There are many posts about 3D reconstruction from stereo views of known internal calibration, some of which are excellent. I have read a lot of them, and based on what I have read I am trying to compute my own 3D scene reconstruction with the below pipeline / algorithm. I'll set out the method then ask specific questions at the bottom.
0. Calibrate your cameras:
This means retrieve the camera calibration matrices K1 and K2 for Camera 1 and Camera 2. These are 3x3 matrices encapsulating each camera's internal parameters: focal length, principal point offset / image centre. These don't change, you should only need to do this once, well, for each camera as long as you don't zoom or change the resolution you record in.

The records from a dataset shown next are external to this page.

lemma weight_le_max_weight: "h \<in> H \<Longrightarrow> w h \<le> Max (w ` H)"
  using finite_edges by simp

lemma max_weight_pos: "0 < Max (w ` H)"
  using edges_nonempty weight_pos weight_le_max_weight by (meson ex_in_conv less_le_trans)

lemma vertex_in_edge:
  assumes "x \<in> V"
  obtains h where "h \<in> H" "x \<in> h"
proof -
  obtain h where "h \<in> H" using edges_nonempty by blast
  then have "\<not> h \<subseteq> {x}" using edge_card[of h] card_mono[of "{x}" h] by auto
  then obtain y where "y \<in> V" "y \<noteq> x" using \<open>h \<in> H\<close> edge_subset by blast
  then obtain hs where "hyperpath H hs x y"
    using connected assms unfolding hconnected_def by (metis \<open>y \<noteq> x\<close>)
  then show thesis using that unfolding hyperpath_def by (metis hd_in_set subsetD)
qed

lemma hDeg_pos: "x \<in> V \<Longrightarrow> 0 < hDeg H w x"
proof -
  assume "x \<in> V"
  then obtain h where "h \<in> H" "x \<in> h" by (rule vertex_in_edge)
  then have "w h \<le> hDeg H w x"
    unfolding hDeg_def using finite_edges weight_pos by (intro member_le_sum) (auto intro: less_imp_le)
  then show ?thesis using weight_pos[OF \<open>h \<in> H\<close>] by simp
qed

definition walk_kernel :: "'a \<Rightarrow> 'a \<Rightarrow> real" where
  "walk_kernel x z = (if z = x then 0
     else \<Sum>h\<in>{h\<in>H. x \<in> h \<and> z \<in> h}. w h / ((real (card h) - 1) * hDeg H w x))"

lemma walk_kernel_self [simp]: "walk_kernel x x = 0"
  by (simp add: walk_kernel_def)

lemma step_weight_nonneg: "h \<in> H \<Longrightarrow> x \<in> V \<Longrightarrow> 0 \<le> w h / ((real (card h) - 1) * hDeg H w x)"
proof -
  assume "h \<in> H" "x \<in> V"
  then have "2 \<le> real (card h)" using edge_card by simp
  then show ?thesis using weight_pos[OF \<open>h \<in> H\<close>] hDeg_pos[OF \<open>x \<in> V\<close>] by simp
qed

lemma hmu_eq: "hmu H w \<alpha> x z = \<alpha> * (if z = x then 1 else 0) + (1 - \<alpha>) * walk_kernel x z"
  unfolding hmu_def walk_kernel_def by simp

lemma walk_kernel_nonneg: "x \<in> V \<Longrightarrow> 0 \<le> walk_kernel x z"
  unfolding walk_kernel_def by (auto intro!: sum_nonneg step_weight_nonneg)

lemma walk_kernel_sum:
  assumes "x \<in> V"
  shows "(\<Sum>z\<in>V. walk_kernel x z) = 1"
proof -
  let ?p = "\<lambda>h. w h / ((real (card h) - 1) * hDeg H w x)"
  have "(\<Sum>z\<in>V. walk_kernel x z) = (\<Sum>z\<in>V - {x}. \<Sum>h\<in>{h\<in>H. x \<in> h \<and> z \<in> h}. ?p h)"
    using finite_vertices assms by (simp add: walk_kernel_def sum.remove[of V x])
  also have "\<dots> = (\<Sum>h\<in>H. \<Sum>z\<in>{z\<in>V - {x}. x \<in> h \<and> z \<in> h}. ?p h)"
    using finite_vertices finite_edges by (intro sum.swap_restrict) auto
  also have "\<dots> = (\<Sum>h\<in>H. if x \<in> h then w h / hDeg H w x else 0)"
  proof (rule sum.cong[OF refl])
    fix h assume "h \<in> H"
    show "(\<Sum>z\<in>{z\<in>V - {x}. x \<in> h \<and> z \<in> h}. ?p h) = (if x \<in> h then w h / hDeg H w x else 0)"
    proof (cases "x \<in> h")
      case True
      then have "{z\<in>V - {x}. x \<in> h \<and> z \<in> h} = h - {x}" using \<open>h \<in> H\<close> edge_subset by auto
      moreover have "real (card (h - {x})) = real (card h) - 1" "real (card h) - 1 \<noteq> 0"
        using True \<open>h \<in> H\<close> edge_card[of h] by (auto simp: of_nat_diff)
      ultimately show ?thesis using True by simp
    qed simp
  qed
  also have "\<dots> = (\<Sum>h\<in>{h\<in>H. x \<in> h}. w h / hDeg H w x)"
    using finite_edges by (simp add: sum.inter_filter)
  also have "\<dots> = 1"
    using hDeg_pos[OF assms] by (simp add: hDeg_def flip: sum_divide_distrib)
  finally show ?thesis .
qed

lemma walk_kernel_expectation_le:
  assumes "x \<in> V" and bound: "\<And>h z. h \<in> H \<Longrightarrow> x \<in> h \<Longrightarrow> z \<in> h \<Longrightarrow> f z \<le> B"
  shows "(\<Sum>z\<in>V. walk_kernel x z * f z) \<le> B"
proof -
  have "walk_kernel x z * f z \<le> walk_kernel x z * B" for z
  proof (cases "z = x")
    case False
    show ?thesis
      unfolding walk_kernel_def if_not_P[OF False] sum_distrib_right
      using \<open>x \<in> V\<close> by (intro sum_mono mult_left_mono) (auto intro: bound step_weight_nonneg)
  qed simp
  then have "(\<Sum>z\<in>V. walk_kernel x z * f z) \<le> (\<Sum>z\<in>V. walk_kernel x z) * B"
    by (simp add: sum_distrib_right sum_mono)
  then show ?thesis using walk_kernel_sum[OF assms(1)] by simp
qed

lemma prob_on_hmu: "x \<in> V \<Longrightarrow> 0 \<le> \<alpha> \<Longrightarrow> \<alpha> \<le> 1 \<Longrightarrow> prob_on V (hmu H w \<alpha> x)"
  unfolding prob_on_def hmu_eq
  using finite_vertices walk_kernel_nonneg walk_kernel_sum
  by (simp add: sum.distrib sum_distrib_left[symmetric])

lemma hmu_expectation_le:
  assumes "x \<in> V" "\<alpha> \<le> 1" "f x = 0" "\<And>h z. h \<in> H \<Longrightarrow> x \<in> h \<Longrightarrow> z \<in> h \<Longrightarrow> f z \<le> B"
  shows "(\<Sum>z\<in>V. hmu H w \<alpha> x z * f z) \<le> (1 - \<alpha>) * B"
proof -
  have "hmu H w \<alpha> x z * f z = (1 - \<alpha>) * (walk_kernel x z * f z)" for z
    using assms(3) by (cases "z = x") (simp_all add: hmu_eq)
  then have "(\<Sum>z\<in>V. hmu H w \<alpha> x z * f z) = (\<Sum>z\<in>V. (1 - \<alpha>) * (walk_kernel x z * f z))"
    by (intro sum.cong) auto
  also have "\<dots> = (1 - \<alpha>) * (\<Sum>z\<in>V. walk_kernel x z * f z)"
    by (simp add: sum_distrib_left)
  also have "\<dots> \<le> (1 - \<alpha>) * B"
    using assms walk_kernel_expectation_le by (simp add: mult_left_mono)
  finally show ?thesis .
qed

lemma hmu_mixture:
  assumes "1 - b = t * (1 - a)"
  shows "hmu H w b x = (\<lambda>z. t * hmu H w a x z + (1 - t) * (if z = x then 1 else 0))"
proof -
  from assms have b: "b = 1 - t * (1 - a)" by simp
  show ?thesis unfolding b by (auto simp: fun_eq_iff hmu_eq algebra_simps)
qed

lemma hdist_le_max_weight: "h \<in> H \<Longrightarrow> x \<in> h \<Longrightarrow> z \<in> h \<Longrightarrow> hdist H w x z \<le> Max (w ` H)"
  using hdist_le_weight weight_le_max_weight by (meson order_trans)

abbreviation lazy_transport :: "real \<Rightarrow> 'a \<Rightarrow> 'a \<Rightarrow> real" where
  "lazy_transport \<alpha> u v \<equiv> wasserstein V H w (hmu H w \<alpha> u) (hmu H w \<alpha> v)"
lemma norm_commutator_le_displaced:
  assumes x: "x \<in> carrier G" and y: "y \<in> carrier G" and t: "t \<in> carrier G"
    and comm: "conjg G t y \<otimes> x = x \<otimes> conjg G t y"
  shows "\<nu> (x \<otimes> y \<otimes> inv x \<otimes> inv y) \<le> 4 * \<nu> t"
proof -
  \<comment> \<open>Since \<open>t y t\<inverse>\<close> commutes with \<open>x\<close>, \<open>[x, y] = [x, z]\<close> for the commutator \<open>z = [y, t]\<close>.\<close>
  define z where "z = y \<otimes> t \<otimes> inv y \<otimes> inv t"
  have z: "z \<in> carrier G"
    using t y by (simp add: z_def)
  define c where "c = conjg G t y"
  have c: "c \<in> carrier G"
    using t y by (simp add: c_def conjg_def)
  have z_eq: "z = y \<otimes> inv c"
    using t y by (simp add: z_def c_def conjg_def inv_mult_group m_assoc)
  have comm_inv: "inv c \<otimes> inv x = inv x \<otimes> inv c"
    using comm x c unfolding c_def[symmetric] by (simp add: inv_mult_group[symmetric])
  have "x \<otimes> z \<otimes> inv x \<otimes> inv z = x \<otimes> y \<otimes> (inv c \<otimes> inv x) \<otimes> c \<otimes> inv y"
    using x y c by (simp add: z_eq inv_mult_group m_assoc)
  also have "\<dots> = x \<otimes> y \<otimes> inv x \<otimes> (inv c \<otimes> c) \<otimes> inv y"
    using x y c by (simp add: comm_inv m_assoc)
  finally have "x \<otimes> y \<otimes> inv x \<otimes> inv y = x \<otimes> z \<otimes> inv x \<otimes> inv z"
    using x y c by simp
  also have "\<nu> \<dots> \<le> 2 * \<nu> z"
    using x z by (rule norm_commutator_le)
  also have "\<nu> z \<le> 2 * \<nu> t"
    unfolding z_def using y t by (rule norm_commutator_le)
  finally show ?thesis
    by simp
qed

lemma norm_pow_products_le:
  fixes xs :: "'c list" and g :: "'c \<Rightarrow> 'a" and a b d :: "'c \<Rightarrow> int"
  assumes L: "subgroup L G" and t: "t \<in> carrier G" and disp: "displaces t L"
    and gL: "g ` set xs \<subseteq> L"
  shows "\<nu> (gprod G (map (\<lambda>i. g i [^] a i) xs) \<otimes> gprod G (map (\<lambda>i. g i [^] b i) xs)
            \<otimes> inv (gprod G (map (\<lambda>i. g i [^] d i) xs)))
         \<le> (\<Sum>i\<leftarrow>xs. 4 * \<nu> t + \<bar>a i + b i - d i\<bar> * \<nu> (g i))"
  using gL
proof (induction xs)
  case Nil
  then show ?case
    by simp
next
  case (Cons i xs)
  have prod_in_L: "gprod G (map (\<lambda>i. g i [^] e i) xs) \<in> L" for e :: "'c \<Rightarrow> int"
    using Cons.prems by (intro subgroup_gprod_closed[OF L]) (auto intro!: subgroup_int_pow_closed[OF L] simp: image_subset_iff)
  define A where "A = gprod G (map (\<lambda>i. g i [^] a i) xs)"
  define B where "B = gprod G (map (\<lambda>i. g i [^] b i) xs)"
  define D where "D = gprod G (map (\<lambda>i. g i [^] d i) xs)"
  have AL: "A \<in> L" and ABD: "A \<in> carrier G" "B \<in> carrier G" "D \<in> carrier G"
    using prod_in_L subgroup.subset[OF L] by (auto simp: A_def B_def D_def)
  define x where "x = g i"
  have xL: "x \<in> L"
    using Cons.prems by (simp add: x_def)
  then have x: "x \<in> carrier G"
    using subgroup.subset[OF L] by blast
  define p q u where "p = x [^] a i" and "q = x [^] b i" and "u = x [^] d i"
  have pqu: "p \<in> carrier G" "q \<in> carrier G" "u \<in> carrier G"
    using x by (simp_all add: p_def q_def u_def)
  have qL: "inv q \<in> L"
    unfolding q_def by (intro subgroup.m_inv_closed[OF L] subgroup_int_pow_closed[OF L xL])
  have "x [^] (a i + b i - d i) = x [^] (- d i + a i + b i)"
    by (simp add: algebra_simps)
  then have r: "x [^] (a i + b i - d i) = inv u \<otimes> p \<otimes> q"
    using x by (simp only: p_def q_def u_def int_pow_mult int_pow_neg)
  define r C where "r = x [^] (a i + b i - d i)" and "C = inv q \<otimes> A \<otimes> inv (inv q) \<otimes> inv A"
  have rC: "r \<in> carrier G" "C \<in> carrier G"
    using x pqu ABD by (simp_all add: r_def C_def)
  \<comment> \<open>Conjugating by \<open>u\<inverse>\<close> splits off a short power of \<open>x\<close> and a commutator of two elements of \<open>L\<close>.\<close>
  have "inv u \<otimes> (p \<otimes> A \<otimes> (q \<otimes> B) \<otimes> inv (u \<otimes> D)) \<otimes> inv (inv u) = r \<otimes> C \<otimes> (A \<otimes> B \<otimes> inv D)"
    using pqu ABD by (simp add: r_def C_def r m_assoc inv_mult_group r_inv_cancel_left l_inv_cancel_left)
  then have "\<nu> (p \<otimes> A \<otimes> (q \<otimes> B) \<otimes> inv (u \<otimes> D)) = \<nu> (r \<otimes> C \<otimes> (A \<otimes> B \<otimes> inv D))"
    using pqu ABD norm_conj[of "p \<otimes> A \<otimes> (q \<otimes> B) \<otimes> inv (u \<otimes> D)" "inv u"] by simp
  also have "\<dots> \<le> \<nu> r + \<nu> C + \<nu> (A \<otimes> B \<otimes> inv D)"
    using rC ABD norm_mult_le[of "r \<otimes> C" "A \<otimes> B \<otimes> inv D"] norm_mult_le[of r C] by simp
  also have "\<nu> r \<le> \<bar>a i + b i - d i\<bar> * \<nu> x"
    unfolding r_def using x by (rule norm_int_pow_le)
  also have "\<nu> C \<le> 4 * \<nu> t"
    unfolding C_def using qL AL disp subgroup.subset[OF L]
    by (intro norm_commutator_le_displaced t) (auto simp: displaces_def)
  also have "\<nu> (A \<otimes> B \<otimes> inv D) \<le> (\<Sum>i\<leftarrow>xs. 4 * \<nu> t + \<bar>a i + b i - d i\<bar> * \<nu> (g i))"
    using Cons by (simp add: A_def B_def D_def)
  finally show ?case
    by (simp add: p_def q_def u_def x_def A_def B_def D_def)
qed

Do this offline. Do not argue.
I'm using OpenCV's CalibrateCamera() and checkerboard routines, but this functionality is also included in the Matlab Camera Calibration toolbox. The OpenCV routines seem to work nicely.
1. Fundamental Matrix F:
With your cameras now set up as a stereo rig. Determine the fundamental matrix (3x3) of that configuration using point correspondences between the two images/views.
How you obtain the correspondences is up to you and will depend a lot on the scene itself.
I am using OpenCV's findFundamentalMat() to get F, which provides a number of options method wise (8-point algorithm, RANSAC, LMEDS).
You can test the resulting matrix by plugging it into the defining equation of the Fundamental matrix: x'Fx = 0 where x' and x are the raw image point correspondences (x, y) in homogeneous coordinates (x, y, 1) and one of the three-vectors is transposed so that the multiplication makes sense. The nearer to zero for each correspondence, the better F is obeying it's relation. This is equivalent to checking how well the derived F actually maps from one image plane to another. I get an average deflection of ~2px using the 8-point algorithm.
2. Essential Matrix E:
Compute the Essential matrix directly from F and the calibration matrices.
E = K2TFK1
3. Internal Constraint upon E:
E should obey certain constraints. In particular, if decomposed by SVD into USV.t then it's singular values should be = a, a, 0. The first two diagonal elements of S should be equal, and the third zero.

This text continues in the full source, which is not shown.